Potomac Today [July 28] the County Council unanimously passed a resolution that asks our state delegation to reform a significant part of the county’s antiquated liquor control system.
For nine years I have asked myself why our county is the only county in the country to have a monopoly in the liquor business. The answer, it seems, is simple: revenue and county employee jobs. I don't find that answer satisfying, even on a day when we are adopting a significant budget savings plan.
Why? Because we do not do this business well. Based on answers I got when I sat in on the Ad Hoc Committee meetings, we don't even pretend to think like a business. Other jurisdictions are delivering on 24-hour cycles, while our county businesses wait up to a week or more to get an order corrected. Until the committee brought it to their attention, the Department of Liquor Control (DLC) had not even thought seriously about performance metrics — as any serious business would have. The testimony that was submitted to the Ad Hoc Committee over these last few months was overwhelming, and carried an unmistakable theme throughout: our DLC is unresponsive and inefficient.
These results are not surprising — we are not a business enterprise. If you combine the absence of business instincts and imperatives with a grant of monopoly power, you have the worst of both worlds. Our county has plenty of experience with monopolies, including those that we created or the state created. Pepco. Our taxi cab industry. We know how poorly these monopolies have served our community. Our liquor monopoly performs no better.
And while we focus on the revenue we gain, we have not focused enough on the revenue we lose. Total Wine in McLean estimates that one third of its business comes from Montgomery County. They love us there. We are the District of Columbia's best friend when it comes to liquor, because our residents shop for their liquor there. If we were to repatriate the dollars that flee our county, we would plug a good portion of the revenue we are concerned about.

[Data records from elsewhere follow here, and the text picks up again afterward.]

(* Let $\bm H$ be a finite-dimensional Hilbert space, $\rho_{\rm i}$ a density operator on $\bm H$, $U$ a unitary on $\bm H$, and $\rho':=U\rho_{\rm i}U^\dagger$. Let $\{M_b\}_{b\in B}\subset L(\bm H)$ with $B$ finite and $\sum_b M_b^\dagger M_b=I$; put $E_b:=M_b^\dagger M_b$, $p(b):=\mathrm{tr}[E_b\rho']$, and for $p(b)>0$, $\rho'(b):=M_b\rho' M_b^\dagger/p(b)$. Let $I_{\rm QC}:=S(\rho')-\sum_b p(b)S(\rho'(b))$. For each $b$ let $U_b$ be a unitary on $\bm H$, $\rho_{\rm f}(b):=U_b\rho'(b)U_b^\dagger$, and let $\rho_0(b)$ be a density operator on $\bm H$. Then (all sums over $b$ with $p(b)>0$) $$-\sum_b p(b)\,\mathrm{tr}[\rho_{\rm f}(b)\ln\rho_0(b)]-S(\rho_{\rm i})=\sum_b p(b)\,S(\rho_{\rm f}(b)\|\rho_0(b))-I_{\rm QC},$$ and consequently $$-\sum_b p(b)\,\mathrm{tr}[\rho_{\rm f}(b)\ln\rho_0(b)]-S(\rho_{\rm i})\ge -I_{\rm QC}.$$
   Context: $S(\rho):=-\mathrm{tr}[\rho\ln\rho]$ is the von Neumann entropy. The quantum relative entropy is $S(\rho\|\sigma):=\mathrm{tr}[\rho\ln\rho]-\mathrm{tr}[\rho\ln\sigma]$, set to $+\infty$ if there is $|\psi\rangle$ with $\sigma|\psi\rangle=0$ and $\langle\psi|\rho|\psi\rangle\ne0$; correspondingly $-\mathrm{tr}[\rho\ln\sigma]$ is $+\infty$ in that case and otherwise computed on the support of $\sigma$; $0\ln0=0$. *)

theory Defs
  imports "HOL-Analysis.Analysis" "HOL-Library.Extended_Real"
begin

text \<open>Finite-dimensional Hilbert space H = complex^'n (with 'n a finite index type);
  operators on H are complex matrices complex^'n^'n.\<close>

type_synonym 'n cmat = "complex^'n^'n"

definition cinner :: "complex^'n \<Rightarrow> complex^'n \<Rightarrow> complex" where
  "cinner u v = (\<Sum>i\<in>UNIV. cnj (u$i) * v$i)"

definition adj :: "complex^'n^'n \<Rightarrow> complex^'n^'n" where
  "adj A = (\<chi> i j. cnj (A$j$i))"

definition outer :: "complex^'n \<Rightarrow> complex^'n \<Rightarrow> complex^'n^'n" where
  "outer u v = (\<chi> i j. u$i * cnj (v$j))"

definition hermitian :: "complex^'n^'n \<Rightarrow> bool" where
  "hermitian A \<longleftrightarrow> adj A = A"

definition unitary :: "complex^'n^'n \<Rightarrow> bool" where
  "unitary U \<longleftrightarrow> adj U ** U = mat 1 \<and> U ** adj U = mat 1"

definition density_op :: "complex^'n^'n \<Rightarrow> bool" where
  "density_op \<rho> \<longleftrightarrow> hermitian \<rho> \<and> (\<forall>v. 0 \<le> Re (cinner v (\<rho> *v v))) \<and> trace \<rho> = 1"

definition spectral_decomp :: "complex^'n^'n \<Rightarrow> ('n \<Rightarrow> complex^'n) \<Rightarrow> ('n \<Rightarrow> real) \<Rightarrow> bool" where
  "spectral_decomp A w l \<longleftrightarrow>
     (\<forall>i j. cinner (w i) (w j) = (if i = j then 1 else 0)) \<and>
     (\<forall>i. A *v w i = complex_of_real (l i) *s w i)"

definition herm_fun :: "(real \<Rightarrow> real) \<Rightarrow> complex^'n^'n \<Rightarrow> complex^'n^'n" where
  "herm_fun f A = (SOME B. \<exists>w l. spectral_decomp A w l \<and>
       B = (\<Sum>i\<in>UNIV. f (l i) *\<^sub>R outer (w i) (w i)))"

text \<open>Logarithm on the support (ln 0 := 0, giving 0 ln 0 = 0).\<close>
definition ln0 :: "real \<Rightarrow> real" where
  "ln0 x = (if x = 0 then 0 else ln x)"

definition mat_log :: "complex^'n^'n \<Rightarrow> complex^'n^'n" where
  "mat_log A = herm_fun ln0 A"

definition vN_entropy :: "complex^'n^'n \<Rightarrow> real" where
  "vN_entropy \<rho> = - Re (trace (\<rho> ** mat_log \<rho>))"

text \<open>- tr[rho ln sigma], +infinity if supp rho is not contained in supp sigma.\<close>
definition neg_tr_log :: "complex^'n^'n \<Rightarrow> complex^'n^'n \<Rightarrow> ereal" where
  "neg_tr_log \<rho> \<sigma> =
     (if \<exists>\<psi>. \<sigma> *v \<psi> = 0 \<and> cinner \<psi> (\<rho> *v \<psi>) \<noteq> 0 then PInfty
      else ereal (- Re (trace (\<rho> ** mat_log \<sigma>))))"

definition rel_entropy :: "complex^'n^'n \<Rightarrow> complex^'n^'n \<Rightarrow> ereal" where
  "rel_entropy \<rho> \<sigma> =
     (if \<exists>\<psi>. \<sigma> *v \<psi> = 0 \<and> cinner \<psi> (\<rho> *v \<psi>) \<noteq> 0 then PInfty
      else ereal (Re (trace (\<rho> ** mat_log \<rho>)) - Re (trace (\<rho> ** mat_log \<sigma>))))"

end

theory Submission
  imports Defs
begin

text \<open>Conjugation by a unitary does not change the spectrum, so
  \<open>S(\<rho>') = S(\<rho>\<^sub>i)\<close> and \<open>S(\<rho>\<^sub>f(b)) = S(\<rho>'(b))\<close>. Since
  \<open>-tr[\<rho> ln \<sigma>] = S(\<rho>) + S(\<rho>\<parallel>\<sigma>)\<close> for every pair of operators (both sides being
  \<open>+\<infinity>\<close> together), summing over the outcomes gives the identity; the inequality is
  then Klein's inequality \<open>S(\<rho>\<parallel>\<sigma>) \<ge> 0\<close>. For Klein's inequality write
  \<open>\<rho> = \<Sum> p\<^sub>i |a\<^sub>i\<rangle>\<langle>a\<^sub>i|\<close>, \<open>\<sigma> = \<Sum> q\<^sub>j |b\<^sub>j\<rangle>\<langle>b\<^sub>j|\<close>; the matrix
  \<open>P\<^sub>i\<^sub>j = |\<langle>a\<^sub>i,b\<^sub>j\<rangle>|\<^sup>2\<close> is doubly stochastic and
  \<open>S(\<rho>\<parallel>\<sigma>) = \<Sum> P\<^sub>i\<^sub>j p\<^sub>i (ln p\<^sub>i - ln q\<^sub>j) \<ge> \<Sum> P\<^sub>i\<^sub>j (p\<^sub>i - q\<^sub>j) = 0\<close> by
  \<open>ln x \<le> x - 1\<close>. The spectral theorem itself is obtained by repeatedly maximising
  the Rayleigh quotient on the orthogonal complement of the eigenvectors found so far.\<close>

lemma adj_adj [simp]: "adj (adj A) = A"
  by (simp add: adj_def vec_eq_iff)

I have heard the arguments that our monopoly helps both public health and public safety. I don't accept them. I don't think our county residents are healthier than residents in the rest of the United States by virtue of our liquor monopoly. I don't accept that we consume less alcohol, as our county statistics would suggest, because our county statistics by definition don't incorporate all the dollars spent in D.C., Prince George's County and Virginia. And I don't accept that we lose our ability to control to whom and by whom liquor is sold if we were to get out of the business. Public safety is not at stake in the debate over DLC's future role in the marketplace.

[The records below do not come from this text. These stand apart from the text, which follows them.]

lemma cube_root_le:
  fixes x y z :: real
  assumes "0 < x" "0 < y" "0 \<le> z" "x \<le> y ^ 3 * z"
  shows "x powr (1/3) \<le> y * z powr (1/3)"
proof -
  have "x powr (1/3) \<le> (y ^ 3 * z) powr (1/3)" using assms by (intro powr_mono2) auto
  also have "\<dots> = (y powr 3) powr (1/3) * z powr (1/3)"
    using assms by (simp add: powr_mult powr_realpow)
  also have "(y powr 3) powr (1/3) = y" using assms by (simp only: powr_powr) simp
  finally show ?thesis .
qed

context
  fixes D K L Ginf B G \<phi> Cn N :: real
  assumes D: "D \<ge> 1" and L: "L \<ge> 1" and Ginf: "Ginf \<ge> 1" and G: "G > 0"
    and K: "K \<ge> B^2 * G^2" and BG: "B^2 * G^2 \<ge> 1" and \<phi>: "\<phi> > 0"
    and Cn: "Cn > 0" and N: "N > 0"
    and Cn_small: "Cn \<le> (B^2 * G^2 * \<phi> / (560 * D * K * Ginf * L))^3 * N"
begin

private definition "Y = B^2 * G^2 * \<phi> / (560 * D * K * Ginf * L)"

private lemma Y_pos: "Y > 0"
  unfolding Y_def using D L Ginf K BG \<phi> by simp

private lemma Cn_cube_root_le: "Cn powr (1/3) \<le> Y * N powr (1/3)"
  using Cn_small Cn N Y_pos unfolding Y_def[symmetric] by (intro cube_root_le) auto

lemma dual_threshold_ge_twice_grad_bound:
  "2 * Ginf \<le> D * \<phi> * N powr (1/3) / Cn powr (1/3)"
proof -
  have "D * K * L \<ge> 1 * (B^2 * G^2) * 1" by (intro mult_mono) (use D K L BG in auto)
  then have "2 * Ginf * Y \<le> \<phi> / 280"
    unfolding Y_def using Ginf \<phi> BG by (simp add: field_simps)
  also have "\<dots> \<le> D * \<phi>" using D \<phi> by simp
  finally have "2 * Ginf * Y \<le> D * \<phi>" .
  then have "2 * Ginf \<le> D * \<phi> / Y" using Y_pos by (simp add: field_simps)
  also have "\<dots> = D * \<phi> * N powr (1/3) / (Y * N powr (1/3))" using N by simp
  also have "\<dots> \<le> D * \<phi> * N powr (1/3) / Cn powr (1/3)"
    using Cn_cube_root_le Cn D \<phi> N Y_pos by (intro divide_left_mono) auto
  finally show ?thesis .
qed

I do appreciate that our county employee union has jobs at stake. That is true. It is also true that other unions, such as the Teamsters, would gain jobs as a result. And it is also true that privatization efforts in other jurisdictions, such as Washington State, have demonstrated that more jobs are created: 91 percent more jobs. More jobs, not less jobs.
Let me be clear: For years I have championed the recommendation embodied in this resolution. I have met with restaurant owners and heard their stories; and I have convened meetings with DLC and our restaurants to bridge the communications gap. The bottom line is equally unambiguous: Our restaurants have been hamstrung and harmed by the operations of the DLC. Restaurants do not come here for this very reason. But the record is mixed as to whether these reforms will in fact be realized. Wholesalers must participate for these reforms to be meaningful, and we have heard from major wholesalers that participating in this system is simply not worth it. Moreover, the resolution leaves discretion to DLC as to what qualifies as a special order, and allows DLC to decide whether a special order is now a “stock” item that must be bought from the county.

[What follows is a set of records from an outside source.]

(* Let $B:(0,1)\times(0,1)\to\mathbb{R}$ be separately Lebesgue measurable (measurable in each variable when the other is fixed) and satisfy $$B(x,y)+(1-x)B\Big(\frac{u}{1-x},\frac{v}{1-y}\Big)=B(u,v)+(1-u)B\Big(\frac{x}{1-u},\frac{y}{1-v}\Big)$$ for all $x,y,u,v$ with $x,y,u,v,x+u,y+v\in(0,1)$, together with $B(x,y)=B(1-x,1-y)$ and $B(x,x)=0$ for all $x,y\in(0,1)$. Then there exists $c\in\mathbb{R}$ such that $$B(x,y)=c\Big(x\log\frac{x}{y}+(1-x)\log\frac{1-x}{1-y}\Big),\qquad x,y\in(0,1).$$
   Context: $\log$ is the natural logarithm. *)

theory Defs
  imports "HOL-Analysis.Analysis"
begin

end

theory Submission
  imports Defs
begin

text \<open>In homogeneous form \<open>persp a \<alpha> b \<beta> = (a + b) * B (a / (a + b)) (\<alpha> / (\<alpha> + \<beta>))\<close> on
  pairs of positive weights, the functional equation and the symmetry combine to a cocycle identity.
  For fixed second weights the difference of two of its instances is a homogeneous Pexider equation,
  whose solutions are linear; hence \<open>B x y - B x (1/2)\<close> is affine in \<open>x\<close>, and \<open>B x x = 0\<close> turns
  this into \<open>B x y = (A y - A x) * x + C y - C x\<close>. Substituting back gives
  \<open>A (y / (1 - v)) - A y = - C (v / (1 - y))\<close> after absorbing a constant into \<open>C\<close>. In logistic
  coordinates \<open>y = e\<^sup>t / (1 + e\<^sup>t)\<close> this makes \<open>A\<close> additive up to a constant; \<open>A\<close> is measurable
  because it is a combination of \<open>B (1/2)\<close> and \<open>B (1/4)\<close>, so by Steinhaus' theorem it is linear in
  \<open>t\<close>: \<open>A = A (1/2) + \<kappa> * logit\<close> and \<open>C w = \<kappa> * ln (1 - w)\<close>, which is \<open>- \<kappa>\<close> times the
  Kullback-Leibler expression.\<close>

section \<open>Cauchy's equation for measurable functions\<close>

lemma Steinhaus_compact:
  fixes K :: "'a::euclidean_space set"
  assumes "compact K" and "measure lebesgue K > 0"
  obtains e where "e > 0" "\<And>t. norm t < e \<Longrightarrow> \<exists>x\<in>K. \<exists>y\<in>K. x = t + y"
proof -
  txt \<open>An open \<open>U \<supseteq> K\<close> with \<open>measure U < 2 * measure K\<close> contains all small translates of \<open>K\<close>,
    which therefore cannot be disjoint from \<open>K\<close>.\<close>
  define k where "k = measure lebesgue K"
  have K: "K \<in> lmeasurable"
    using \<open>compact K\<close> lmeasurable_compact by blast
  obtain U where U: "open U" "K \<subseteq> U" "U - K \<in> lmeasurable" "emeasure lebesgue (U - K) < ennreal k"
    using sets_lebesgue_outer_open[OF fmeasurableD[OF K]] assms(2) k_def by metis
  have U_eq: "U = K \<union> (U - K)"
    using U(2) by auto
  have "measure lebesgue (U - K) < k"
    using U(3,4) by (simp add: emeasure_eq_measure2 ennreal_less_iff)
  then have U_small: "measure lebesgue U < 2 * k"
    using measure_Un_le[of K lebesgue "U - K"] K U(3) U_eq k_def by auto
  have "U \<in> lmeasurable"
    using K U(3) U_eq by (metis fmeasurable.Un)
  have "K \<inter> - U = {}"
    using U(2) by auto
  then obtain e where e: "e > 0" "\<And>x y. x \<in> K \<Longrightarrow> y \<in> - U \<Longrightarrow> e \<le> dist x y"
    using separate_compact_closed[OF \<open>compact K\<close>, of "- U"] U(1) by (auto simp: closed_Compl)
  show thesis
  proof (rule that[OF \<open>e > 0\<close>])
    fix t :: 'a
    assume t: "norm t < e"
    define K' where "K' = (+) t ` K"
    have K'_sub: "K' \<subseteq> U"
      unfolding K'_def using e(2) t by (force simp: dist_norm)
    have "K \<inter> K' \<noteq> {}"
    proof
      assume "K \<inter> K' = {}"
      then have "measure lebesgue (K \<union> K') = 2 * k"
        using measure_Un3[OF K measurable_translation[OF K]] measure_translation k_def
        by (simp add: K'_def)
      moreover have "measure lebesgue (K \<union> K') \<le> measure lebesgue U"
        using K'_sub U(2) K measurable_translation[OF K] \<open>U \<in> lmeasurable\<close>
        by (intro measure_mono_fmeasurable) (auto simp: K'_def)
      ultimately show False
        using U_small by linarith
    qed
    then show "\<exists>x\<in>K. \<exists>y\<in>K. x = t + y"
      by (auto simp: K'_def)
  qed
qed

lemma Steinhaus:
  fixes S :: "'a::euclidean_space set"
  assumes S: "S \<in> sets lebesgue" "bounded S" and "\<not> negligible S"
  obtains e where "e > 0" "\<And>t. norm t < e \<Longrightarrow> \<exists>x\<in>S. \<exists>y\<in>S. x = t + y"
proof -
  have "S \<in> lmeasurable"
    using S bounded_set_imp_lmeasurable by blast
  then have "measure lebesgue S \<noteq> 0"
    using \<open>\<not> negligible S\<close> negligible_iff_measure0 by blast
  then have "measure lebesgue S > 0"
    using measure_nonneg[of lebesgue S] by linarith
  then obtain K where K: "closed K" "K \<subseteq> S" "S - K \<in> lmeasurable"
      "emeasure lebesgue (S - K) < ennreal (measure lebesgue S)"
    by (rule sets_lebesgue_inner_closed[OF S(1)])
  have "compact K"
    using K(1,2) S(2) bounded_subset compact_eq_bounded_closed by blast
  have "measure lebesgue S \<le> measure lebesgue K + measure lebesgue (S - K)"
    using measure_Un_le[of K lebesgue "S - K"] lmeasurable_compact[OF \<open>compact K\<close>] K(2,3)
    by (simp add: Un_absorb1)
  moreover have "measure lebesgue (S - K) < measure lebesgue S"
    using K(3,4) by (simp add: emeasure_eq_measure2 ennreal_less_iff)
  ultimately have "measure lebesgue K > 0"
    by linarith
  then obtain e where "e > 0" and e: "\<And>t. norm t < e \<Longrightarrow> \<exists>x\<in>K. \<exists>y\<in>K. x = t + y"
    using Steinhaus_compact[OF \<open>compact K\<close>] by blast
  show thesis
  proof (rule that[OF \<open>e > 0\<close>])
    fix t :: 'a
    assume "norm t < e"
    then show "\<exists>x\<in>S. \<exists>y\<in>S. x = t + y"
      using e K(2) by blast
  qed
qed

lemma additive_of_int_mult:
  fixes f :: "'a::ring_1 \<Rightarrow> 'b::ring_1"
  assumes "Modules.additive f"
  shows "f (of_int k * x) = of_int k * f x"
proof (induction k rule: int_induct[where k = 0])
  case (step1 i)
  then show ?case
    using additive.add[OF assms, of "of_int i * x" x] by (simp add: distrib_right)
next
  case (step2 i)
  then show ?case
    using additive.diff[OF assms, of "of_int i * x" x] by (simp add: left_diff_distrib)
qed (simp add: additive.zero[OF assms])

lemma additive_Rats:
  fixes f :: "real \<Rightarrow> real"
  assumes "Modules.additive f" and "q \<in> \<rat>"
  shows "f q = q * f 1"
proof -
  obtain a b where ab: "b > 0" "q = of_int a / of_int b"
    using Rats_cases'[OF \<open>q \<in> \<rat>\<close>] by metis
  then have "of_int b * q = of_int a"
    by simp
  then have "of_int b * f q = of_int b * (q * f 1)"
    using additive_of_int_mult[OF assms(1), of b q] additive_of_int_mult[OF assms(1), of a 1]
    by simp
  then show ?thesis
    using ab(1) by simp
qed

lemma additive_locally_bounded_linear:
  fixes f :: "real \<Rightarrow> real"
  assumes "Modules.additive f" and "d > 0" and bounded: "\<And>t. \<bar>t\<bar> < d \<Longrightarrow> \<bar>f t\<bar> \<le> M"
  shows "f x = f 1 * x"
proof -
  define g where "g t = f t - f 1 * t" for t
  have "Modules.additive g"
    using additive.add[OF assms(1)] by unfold_locales (simp add: g_def algebra_simps)
  have g_Rats: "g q = 0" if "q \<in> \<rat>" for q
    using additive_Rats[OF assms(1) that] by (simp add: g_def)
  txt \<open>Every real is within \<open>d\<close> of a rational, on which \<open>g\<close> vanishes, so \<open>g\<close> is bounded
    everywhere; together with \<open>g (n * x) = n * g x\<close> this forces \<open>g x = 0\<close>.\<close>
  have g_bounded: "\<bar>g y\<bar> \<le> M + \<bar>f 1\<bar> * d" for y
  proof -
    obtain q where q: "q \<in> \<rat>" "y - d < q" "q < y"
      using Rats_dense_in_real[of "y - d" y] \<open>d > 0\<close> by auto
    have "g y = g (y - q)"
      using additive.add[OF \<open>Modules.additive g\<close>, of "y - q" q] g_Rats[OF q(1)] by simp
    moreover have "\<bar>f 1 * (y - q)\<bar> \<le> \<bar>f 1\<bar> * d"
      using q by (simp add: abs_mult mult_left_mono)
    ultimately show ?thesis
      using bounded[of "y - q"] q by (simp add: g_def)
  qed
  have "g x = 0"
  proof (rule ccontr)
    assume "g x \<noteq> 0"
    obtain n :: nat where n: "real n > (M + \<bar>f 1\<bar> * d) / \<bar>g x\<bar>"
      using reals_Archimedean2 by blast
    have "\<bar>g (of_int (int n) * x)\<bar> = real n * \<bar>g x\<bar>"
      using additive_of_int_mult[OF \<open>Modules.additive g\<close>, of "int n" x] by (simp add: abs_mult)
    also have "\<dots> > M + \<bar>f 1\<bar> * d"
      using n \<open>g x \<noteq> 0\<close> by (simp add: field_simps)
    finally show False
      using g_bounded by (meson not_le)
  qed
  then show ?thesis
    by (simp add: g_def)
qed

While I voted for the resolution, and appreciate the work of the Ad Hoc Committee, it should only be the first step toward ending this monopoly for good. We should not stop here as though we have put this issue to bed. The public testimony was replete with pleas to go further. We must chart a path that leads us out of a business that no other county in the country is in. We are not good at it; it harms our reputation; it damages our economy; it robs us of jobs; it hurts consumers. It’s time to develop a phased exit strategy.